Example B16 provides the apparatus according to any one of examples B11-15, where: the one or more processors are further configured to: generate a destination identifier (DID), the DID including a shortened representation of a destination IP address, where the destination IP address is an IP address of the destination network device, and include the DID in a DID field of the header, where generating the DID includes obtaining a further output of the lookup table generated based on providing to the lookup table a first subset of the destination IP address and a second subset of the destination IP address, the further output including L bits, and generating the DID as K lowest order bits of the output appended to a third subset of the destination IP address, where: K is an integer smaller than L, the first subset of the destination IP address, the second subset of the destination IP address, and the third subset of the destination IP address are non-overlapping subsets of consecutive bits of the destination IP address, and the third subset of the destination IP address includes lower order bits of the destination IP address than the first subset of the destination IP address and the second subset of the destination IP address.

Example B17 provides the apparatus according to example B16, where the header does not include a MAC address of the destination network device.

Example B18 provides the apparatus according to examples B16 or 17, where the field including the DID is equal to or less than 24 bits.

Example B19 provides an apparatus, including one or more processors configured to generate a packet header for a packet from a source network device to a destination network device, where the packet header includes one or more bits indicating the packet header includes a proper subset of Ethernet and IPv4 header fields. The packet header further includes the proper subset of Ethernet and IPv4 header fields, the proper subset including a field including a source identifier (SID), the SID including a shortened representation of a complete IP address of the source network device, a field including a destination identifier (DID), the DID including a shortened representation of a complete IP address of the destination network device, and a field having a total number of bits that is less than 8 and including a shortened representation of a type of encapsulation protocol for the packet, where the proper subset of Ethernet and IPv4 header fields does not include: a field including the complete IP address of the source network device, a field including the complete IP address of the destination network device, a field including a MAC address of the source network device, a field including a MAC address of the destination network device, a field including a header checksum, and a field including a total size of the packet.

Example B20 provides the apparatus according to example B19, where generating the packet header includes generating the SID by: obtaining an output of a lookup table generated based on providing to the lookup table a first subset of the complete IP address of the source network device and a second subset of the complete IP address of the source network device, the output including N bits, and generating the SID as M lowest order bits of the output appended to a third subset of the complete IP address of the source network device, where: M is an integer smaller than N, the first subset, the second subset, and the third subset are non-overlapping subsets of consecutive bits of the complete IP address of the source network device, and the third subset includes lower order bits of the complete IP address of the source network device than the first subset and the second subset.

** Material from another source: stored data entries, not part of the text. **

(* For any complete chain $\mathbf{C}$, the pointed residuated lattice $\mathbf{Res}(\mathbf{C})=\langle \mathrm{Res}(\mathbf{C}),\wedge,\vee,\circ,\backslash,/,\mathrm{id},p\rangle$ is simple, i.e., its only congruences are the identity relation and the total relation.
   Context: Let $\mathbf{C}$ be a complete chain with least element $0$ and greatest element $\infty$. $\mathrm{Res}(\mathbf{C})$ is the set of maps $C\to C$ preserving arbitrary joins, with pointwise $\wedge,\vee$, composition $\circ$, identity map $\mathrm{id}$, residuals $f\backslash g=\bigvee\{h\mid f\circ h\le g\}$ and $g/f=\bigvee\{h\mid h\circ f\le g\}$, and the constant $p\colon x\mapsto\bigvee\{y\in C\mid y<x\}$. *)

theory Defs
  imports Main
begin

text \<open>A complete chain is modelled by a type of class complete_linorder
  (least element bot = 0, greatest element top = infinity).
  Res(C): the join-preserving self-maps of C.\<close>

definition Res :: "('a::complete_linorder \<Rightarrow> 'a) set" where
  "Res = {f. \<forall>A. f (Sup A) = Sup (f ` A)}"

text \<open>Residuals: joins (in Res, which coincide with pointwise joins) of
  the relevant sets of maps in Res.\<close>

definition res_ldiv :: "('a::complete_linorder \<Rightarrow> 'a) \<Rightarrow> ('a \<Rightarrow> 'a) \<Rightarrow> ('a \<Rightarrow> 'a)" where
  "res_ldiv f g = Sup {h \<in> Res. f \<circ> h \<le> g}"

definition res_rdiv :: "('a::complete_linorder \<Rightarrow> 'a) \<Rightarrow> ('a \<Rightarrow> 'a) \<Rightarrow> ('a \<Rightarrow> 'a)" where
  "res_rdiv g f = Sup {h \<in> Res. h \<circ> f \<le> g}"

definition res_p :: "'a::complete_linorder \<Rightarrow> 'a" where
  "res_p x = Sup {y. y < x}"

text \<open>Congruence of the pointed residuated lattice
  (Res, inf, sup, comp, ldiv, rdiv, id, p): an equivalence relation on Res
  compatible with all operations (the constants id and p impose no condition).\<close>

definition res_congruence :: "(('a::complete_linorder \<Rightarrow> 'a) \<times> ('a \<Rightarrow> 'a)) set \<Rightarrow> bool" where
  "res_congruence \<theta> \<longleftrightarrow>
     equiv Res \<theta> \<and>
     (\<forall>f g f' g'. (f, f') \<in> \<theta> \<longrightarrow> (g, g') \<in> \<theta> \<longrightarrow>
        (inf f g, inf f' g') \<in> \<theta> \<and>
        (sup f g, sup f' g') \<in> \<theta> \<and>
        (f \<circ> g, f' \<circ> g') \<in> \<theta> \<and>
        (res_ldiv f g, res_ldiv f' g') \<in> \<theta> \<and>
        (res_rdiv f g, res_rdiv f' g') \<in> \<theta>)"

end

theory Submission
  imports Defs
begin

text \<open>If a congruence identifies two different maps f, g, say f x < g x, then composing
  with two-valued maps on both sides turns the pair into the constant 0 and the map e that
  sends every nonzero element to \<infinity>. Since e is the identity for meets with maps fixing 0,
  meeting 0 \<equiv> e with any h \<in> Res gives 0 \<equiv> h, so all of Res collapses.\<close>

definition step_map :: "'a::complete_linorder \<Rightarrow> 'a \<Rightarrow> 'a \<Rightarrow> 'a" where
  "step_map u v = (\<lambda>x. if x \<le> u then bot else v)"

lemma step_map_in_Res: "step_map u v \<in> Res"
proof -
  have "step_map u v (Sup A) = Sup (step_map u v ` A)" for A
  proof (cases "\<forall>a\<in>A. a \<le> u")
    case True
    then have "Sup A \<le> u" by (simp add: Sup_le_iff)
    moreover have "step_map u v ` A \<subseteq> {bot}" using True by (auto simp: step_map_def)
    ultimately show ?thesis by (auto simp: step_map_def intro!: antisym Sup_least)
  next
    case False
    then obtain a where a: "a \<in> A" "\<not> a \<le> u" by blast
    then have "\<not> Sup A \<le> u" by (meson Sup_upper order_trans)
    moreover have "Sup (step_map u v ` A) = v"
    proof (rule antisym)
      show "Sup (step_map u v ` A) \<le> v" by (rule Sup_least) (auto simp: step_map_def)
      have "step_map u v a = v" using a by (simp add: step_map_def)
      then show "v \<le> Sup (step_map u v ` A)" using a by (metis Sup_upper imageI)
    qed
    ultimately show ?thesis by (simp add: step_map_def)
  qed
  then show ?thesis by (simp add: Res_def)
qed

lemma Res_bot: "f \<in> Res \<Longrightarrow> f bot = bot"
  unfolding Res_def by (metis (mono_tags, lifting) Sup_empty image_empty mem_Collect_eq)

lemma comp_step_map_sandwich:
  assumes "f bot = bot"
  shows "step_map u top \<circ> f \<circ> step_map bot x =
         (if f x \<le> u then bot else step_map bot top)"
  using assms by (auto simp: step_map_def fun_eq_iff)

lemma inf_step_map_bot_top:
  assumes "f bot = bot"
  shows "inf f (step_map bot top) = f"
  using assms by (auto simp: fun_eq_iff step_map_def bot_unique)

lemma res_congruence_equiv: "res_congruence \<theta> \<Longrightarrow> equiv Res \<theta>"
  by (simp add: res_congruence_def)

lemma res_congruence_comp:
  "res_congruence \<theta> \<Longrightarrow> (f, f') \<in> \<theta> \<Longrightarrow> (g, g') \<in> \<theta> \<Longrightarrow> (f \<circ> g, f' \<circ> g') \<in> \<theta>"
  by (simp add: res_congruence_def)

lemma res_congruence_inf:
  "res_congruence \<theta> \<Longrightarrow> (f, f') \<in> \<theta> \<Longrightarrow> (g, g') \<in> \<theta> \<Longrightarrow> (inf f g, inf f' g') \<in> \<theta>"
  by (simp add: res_congruence_def)

lemma res_congruence_refl: "res_congruence \<theta> \<Longrightarrow> f \<in> Res \<Longrightarrow> (f, f) \<in> \<theta>"
  using res_congruence_equiv by (metis equiv_def refl_onD)

lemma res_congruence_bot_step_map:
  assumes \<theta>: "res_congruence \<theta>" and fg: "(f, g) \<in> \<theta>" and less: "f x < g x"
  shows "(bot, step_map bot top) \<in> \<theta>"
proof -
  have "f \<in> Res" "g \<in> Res"
    using fg res_congruence_equiv[OF \<theta>] by (auto simp: equiv_def refl_on_def)
  then have f0: "f bot = bot" and g0: "g bot = bot" by (simp_all add: Res_bot)
  let ?k = "step_map (f x) top" and ?j = "step_map bot x"
  have "(?k \<circ> f \<circ> ?j, ?k \<circ> g \<circ> ?j) \<in> \<theta>"
    using \<theta> fg by (intro res_congruence_comp res_congruence_refl step_map_in_Res)
  moreover have "?k \<circ> f \<circ> ?j = bot"
    using comp_step_map_sandwich[of f] f0 by simp
  moreover have "?k \<circ> g \<circ> ?j = step_map bot top"
    using comp_step_map_sandwich[of g "f x" x] g0 less leD by auto
  ultimately show ?thesis by simp
qed

lemma res_congruence_total_if_bot_step_map:
  assumes \<theta>: "res_congruence \<theta>" and e: "(bot, step_map bot top) \<in> \<theta>"
  shows "\<theta> = Res \<times> Res"
proof -
  have equiv: "equiv Res \<theta>" using \<theta> by (rule res_congruence_equiv)
  have bot_h: "(bot, h) \<in> \<theta>" if "h \<in> Res" for h
  proof -
    have "(inf h bot, inf h (step_map bot top)) \<in> \<theta>"
      using \<theta> e that by (intro res_congruence_inf res_congruence_refl)
    then show ?thesis using inf_step_map_bot_top[of h] Res_bot[OF that] by simp
  qed
  have "(a, b) \<in> \<theta>" if "a \<in> Res" "b \<in> Res" for a b
    using bot_h[OF that(1)] bot_h[OF that(2)] equiv
    by (meson equiv_def symD transD)
  then have "Res \<times> Res \<subseteq> \<theta>" by blast
  moreover have "\<theta> \<subseteq> Res \<times> Res" using equiv by (simp add: equiv_def refl_on_def)
  ultimately show ?thesis by blast
qed

theorem proposition2p2:
  fixes \<theta> :: "(('a::complete_linorder \<Rightarrow> 'a) \<times> ('a \<Rightarrow> 'a)) set"
  assumes "res_congruence \<theta>"
  shows "\<theta> = Id_on Res \<or> \<theta> = Res \<times> Res"
proof (cases "\<theta> \<subseteq> Id")
  case True
  then show ?thesis
    using res_congruence_equiv[OF assms] by (auto simp: equiv_def refl_on_def Id_on_def)
next
  case False
  then obtain f g x where fg: "(f, g) \<in> \<theta>" "f x \<noteq> g x" by (auto simp: fun_eq_iff)
  have "(g, f) \<in> \<theta>"
    using fg res_congruence_equiv[OF assms] by (auto simp: equiv_def dest: symD)
  then have "(bot, step_map bot top) \<in> \<theta>"
    using fg assms res_congruence_bot_step_map by (metis linorder_neqE)
  then show ?thesis using assms res_congruence_total_if_bot_step_map by blast
qed

end
text \<open>This is the only place where the radial limits of an inner function are used.\<close>

lemma circle_integral_inner_tendsto_0:
  assumes inner: "inner_function \<phi>" and D: "continuous_on (cball 0 1) D"
    and boundary: "\<And>u. norm u = 1 \<Longrightarrow> D u = 0"
  shows "((\<lambda>r. circle_integral (D \<circ> \<phi>) r) \<longlongrightarrow> 0) (at_left 1)"
proof (rule tendsto_at_left_sequentially[OF zero_less_one])
  fix s :: "nat \<Rightarrow> real"
  assume s: "\<And>n. s n < 1" "\<And>n. 0 < s n" and "s \<longlonglongrightarrow> 1"
  then have s_at_left: "filterlim s (at_left 1) sequentially"
    by (intro tendsto_imp_filterlim_at_left) (auto intro: always_eventually)
  have maps: "\<phi> (of_real (s k) * cis t) \<in> cball 0 1" for k t
    using inner_functionD(2)[OF inner, of "of_real (s k) * cis t"] s[of k] by (simp add: norm_mult)
  obtain M where M: "\<And>u. u \<in> cball 0 1 \<Longrightarrow> norm (D u) \<le> M"
    using compact_imp_bounded[OF compact_continuous_image[OF D compact_cball]]
    by (meson bounded_iff imageI)
  have "(\<lambda>k. integral {0..2*pi} (\<lambda>t. D (\<phi> (of_real (s k) * cis t))))
      \<longlonglongrightarrow> integral {0..2*pi} (\<lambda>t. 0)"
  proof (rule integral_bounded_convergence_AE[where B=M])
    show "continuous_on {0..2*pi} (\<lambda>t. D (\<phi> (of_real (s k) * cis t)))" for k
      using continuous_on_circle[OF continuous_on_comp_inner[OF inner D], of "s k"] s[of k] by simp
    have "AE t in lborel. t \<in> {0..2*pi} \<longrightarrow>
        (\<exists>L. ((\<lambda>r. \<phi> (of_real r * cis t)) \<longlongrightarrow> L) (at_left 1) \<and> norm L = 1)"
      using inner by (simp add: inner_function_def)
    then show "AE t in lborel. t \<in> {0..2*pi} \<longrightarrow>
        (\<lambda>k. D (\<phi> (of_real (s k) * cis t))) \<longlonglongrightarrow> 0"
    proof eventually_elim
      case (elim t)
      show ?case
      proof
        assume "t \<in> {0..2*pi}"
        with elim obtain L where L: "((\<lambda>r. \<phi> (of_real r * cis t)) \<longlongrightarrow> L) (at_left 1)" "norm L = 1"
          by blast
        have "(\<lambda>k. D (\<phi> (of_real (s k) * cis t))) \<longlonglongrightarrow> D L"
          using L maps
          by (intro continuous_on_tendsto_compose[OF D] filterlim_compose[OF L(1) s_at_left]) auto
        then show "(\<lambda>k. D (\<phi> (of_real (s k) * cis t))) \<longlonglongrightarrow> 0"
          using boundary[OF L(2)] by simp
      qed
    qed
  qed (use M maps in auto)
  then show "(\<lambda>k. circle_integral (D \<circ> \<phi>) (s k)) \<longlonglongrightarrow> 0"
    by (simp add: circle_integral_def)
qed

lemma H2_norm_comp_inner:
  fixes \<phi> F H K :: "complex \<Rightarrow> complex"
  assumes inner: "inner_function \<phi>"
    and F: "F holomorphic_on ball 0 1" "continuous_on (cball 0 1) F"
    and H: "H holomorphic_on ball 0 1" "continuous_on (cball 0 1) H"
    and K: "K holomorphic_on ball 0 1" "continuous_on (cball 0 1) K"
    and boundary: "\<And>u. norm u = 1 \<Longrightarrow> F u * cnj (F u) = H u + cnj (K u)"
  shows "of_real (H2_norm (F \<circ> \<phi>) ^ 2) = H (\<phi> 0) + cnj (K (\<phi> 0))"
proof -
  define c where "c = of_real (2*pi) * (H (\<phi> 0) + cnj (K (\<phi> 0)))"
  define D where "D u = F u * cnj (F u) - (H u + cnj (K u))" for u
  have D: "continuous_on (cball 0 1) D"
    unfolding D_def using F(2) H(2) K(2) by (intro continuous_intros)
  have "((\<lambda>r. circle_integral (D \<circ> \<phi>) r + c) \<longlongrightarrow> 0 + c) (at_left 1)"
    using boundary by (intro tendsto_add tendsto_const circle_integral_inner_tendsto_0[OF inner D])
      (simp add: D_def)
  moreover have "\<forall>\<^sub>F r in at_left 1.
      circle_integral (D \<circ> \<phi>) r + c
        = circle_integral (\<lambda>z. (F \<circ> \<phi>) z * cnj ((F \<circ> \<phi>) z)) r"
    using eventually_at_left_real[OF zero_less_one]
  proof eventually_elim
    case (elim r)
    have "circle_integral (\<lambda>z. H (\<phi> z) + cnj (K (\<phi> z))) r = c"
      using holomorphic_on_comp_inner[OF inner H(1)] holomorphic_on_comp_inner[OF inner K(1)] elim
      by (simp add: c_def o_def circle_integral_harmonic_mean_value)
    moreover have harmonic: "continuous_on (ball 0 1) (\<lambda>z. H (\<phi> z) + cnj (K (\<phi> z)))"
      using continuous_on_comp_inner[OF inner H(2)] continuous_on_comp_inner[OF inner K(2)]
      by (intro continuous_intros) (simp_all add: o_def)
    ultimately show ?case
      using circle_integral_add[OF continuous_on_comp_inner[OF inner D] harmonic, of r] elim
      by (simp add: D_def o_def)
  qed
  ultimately have
    "((\<lambda>r. circle_integral (\<lambda>z. (F \<circ> \<phi>) z * cnj ((F \<circ> \<phi>) z)) r) \<longlongrightarrow> c) (at_left 1)"
    by (simp add: Lim_transform_eventually)
  with circle_integral_norm_square_tendsto[OF in_H2_comp_inner[OF inner F]]
  have "of_real (2*pi * H2_norm (F \<circ> \<phi>) ^ 2) = c"
    by (rule tendsto_unique[rotated 1]) simp
  then show ?thesis
    by (simp add: c_def)
qed

lemma Re_Cayley: "Re ((1 + a) / (1 - a)) = (1 - norm a ^ 2) / norm (1 - a) ^ 2"
  unfolding Re_divide cmod_power2 by (simp add: algebra_simps power2_eq_square)

lemma kernel_mult_cnj_unimodular:
  assumes w: "norm w < 1" and u: "norm u = 1"
  shows "kernel w u * cnj (kernel w u)
           = of_real (Re ((1 + cnj w * u) / (1 - cnj w * u)) / (1 - norm w ^ 2))"
proof -
  have a: "norm (cnj w * u) = norm w"
    using u by (simp add: norm_mult)
  then have "norm (1 - cnj w * u) \<noteq> 0"
    using w by auto
  moreover have "1 - norm w ^ 2 \<noteq> 0"
    using w by (simp add: abs_square_eq_1)
  ultimately have Re_eq:
    "Re ((1 + cnj w * u) / (1 - cnj w * u)) / (1 - norm w ^ 2) = 1 / norm (1 - cnj w * u) ^ 2"
    unfolding Re_Cayley a by (simp add: field_simps)
  have "kernel w u * cnj (kernel w u) = of_real (1 / norm (1 - cnj w * u) ^ 2)"
    unfolding kernel_def of_real_divide of_real_1 complex_norm_square by simp
  then show ?thesis
    by (simp only: Re_eq)
qed

lemma H2_norm_kernel_comp_inner:
  assumes inner: "inner_function \<phi>" and w: "norm w < 1"
  shows "in_H2 (kernel w \<circ> \<phi>)"
    and "H2_norm (kernel w \<circ> \<phi>) ^ 2
           = (1 - norm w ^ 2 * norm (\<phi> 0) ^ 2) / ((1 - norm w ^ 2) * norm (1 - cnj w * \<phi> 0) ^ 2)"
proof -
  have nz: "1 - cnj w * u \<noteq> 0" if "norm u \<le> 1" for u
  proof -
    have "norm (cnj w * u) < 1"
      using mult_left_le[OF that, of "norm w"] w by (simp add: norm_mult)
    then show ?thesis
      by auto
  qed
  define G where "G u = (1 + cnj w * u) / (1 - cnj w * u) / of_real (2 * (1 - norm w ^ 2))" for u
  have G_add_cnj: "G u + cnj (G u) = of_real (Re ((1 + cnj w * u) / (1 - cnj w * u)) / (1 - norm w ^ 2))"
    for u
  proof -
    have "Re (G u) = Re ((1 + cnj w * u) / (1 - cnj w * u)) / (2 * (1 - norm w ^ 2))"
      unfolding G_def by (rule Re_divide_of_real)
    moreover have "2 * (x / (2 * y)) = x / y" for x y :: real
      by simp
    ultimately have "2 * Re (G u) = Re ((1 + cnj w * u) / (1 - cnj w * u)) / (1 - norm w ^ 2)"
      by (simp only:)
    then show ?thesis
      unfolding complex_add_cnj by (rule arg_cong)
  qed
  have "2 * (1 - norm w ^ 2) \<noteq> 0"
    using w by (simp add: abs_square_eq_1)
  then have "complex_of_real (2 * (1 - norm w ^ 2)) \<noteq> 0"
    unfolding of_real_eq_0_iff .
  then have G: "G holomorphic_on ball 0 1" "continuous_on (cball 0 1) G"
    using nz unfolding G_def by (auto intro!: holomorphic_intros continuous_intros simp del: of_real_mult)
  have kernel: "kernel w holomorphic_on ball 0 1" "continuous_on (cball 0 1) (kernel w)"
    using nz unfolding kernel_def by (auto intro!: holomorphic_intros continuous_intros)
  show "in_H2 (kernel w \<circ> \<phi>)"
    by (rule in_H2_comp_inner[OF inner kernel])
  have "of_real (H2_norm (kernel w \<circ> \<phi>) ^ 2) = G (\<phi> 0) + cnj (G (\<phi> 0))"
    by (rule H2_norm_comp_inner[OF inner kernel G G]) (simp add: kernel_mult_cnj_unimodular[OF w] G_add_cnj)
  then show "H2_norm (kernel w \<circ> \<phi>) ^ 2
      = (1 - norm w ^ 2 * norm (\<phi> 0) ^ 2) / ((1 - norm w ^ 2) * norm (1 - cnj w * \<phi> 0) ^ 2)"
    unfolding G_add_cnj of_real_eq_iff Re_Cayley by (simp add: norm_mult power_mult_distrib)
qed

Example B21 provides the apparatus according to any one of examples B1-20, where the apparatus is one of: a NIC, a remote DMA (RDMA)-enabled NIC, a SmartNIC, a router, a switch, a forwarding element, an IPU, or a DPU.

Example B22 provides the apparatus according to any one of examples B1-20, where the apparatus is a NIC.

Example B23 provides the apparatus according to any one of examples B1-20, where the apparatus is a switch and further includes a port for receiving the packet or a port for transmitting the packet.

Example B24 provides the apparatus according to example B23, where the apparatus further includes a memory coupled to the one or more processors.

Example B25 provides a computer-implemented method for generating a packet header for a packet from a source network device to a destination network device, the computer-implemented method including generating a source identifier (SID), the SID including a shortened representation of a complete IP address of the source network device; generating a destination identifier (DID), the DID including a shortened representation of a complete IP address of the destination network device; and generating the packet header, where the packet header includes a field including the SID, a field including the DID, and a field having a total number of bits that is less than 8 and including a shortened representation of a type of encapsulation protocol for the packet, and where the packet header excludes: a field including the complete IP address of the source network device, a field including the complete IP address of the destination network device, a field including a MAC address of the source network device, a field including a MAC address of the destination network device, a field including a header checksum, and a field including a total size of the packet.

Example B26 provides the computer-implemented method according to example B25, where generating the packet header includes generating the SID by: obtaining an output of a lookup table generated based on providing to the lookup table a first subset of the complete IP address of the source network device and a second subset of the complete IP address of the source network device, the output including N bits, and generating the SID as M lowest order bits of the output appended to a third subset of the complete IP address of the source network device, where M is an integer smaller than N, and the first subset, the second subset, and the third subset are non-overlapping subsets of consecutive bits of the complete IP address of the source network device.

Example B27 provides the computer-implemented method according to example B26, where the third subset includes lower order bits of the complete IP address of the source network device than the first subset.

Example B28 provides the computer-implemented method according to example B27, where the third subset includes lower order bits of the complete IP address of the source network device than the second subset.

Example B29 provides the computer-implemented method according to any one of examples B25-28, where the packet header further excludes a field including an Ether type.

Example B30 provides the computer-implemented method according to any one of examples B25-29, where the field including the shortened representation of the type of encapsulation protocol for the packet is a 4-bit field.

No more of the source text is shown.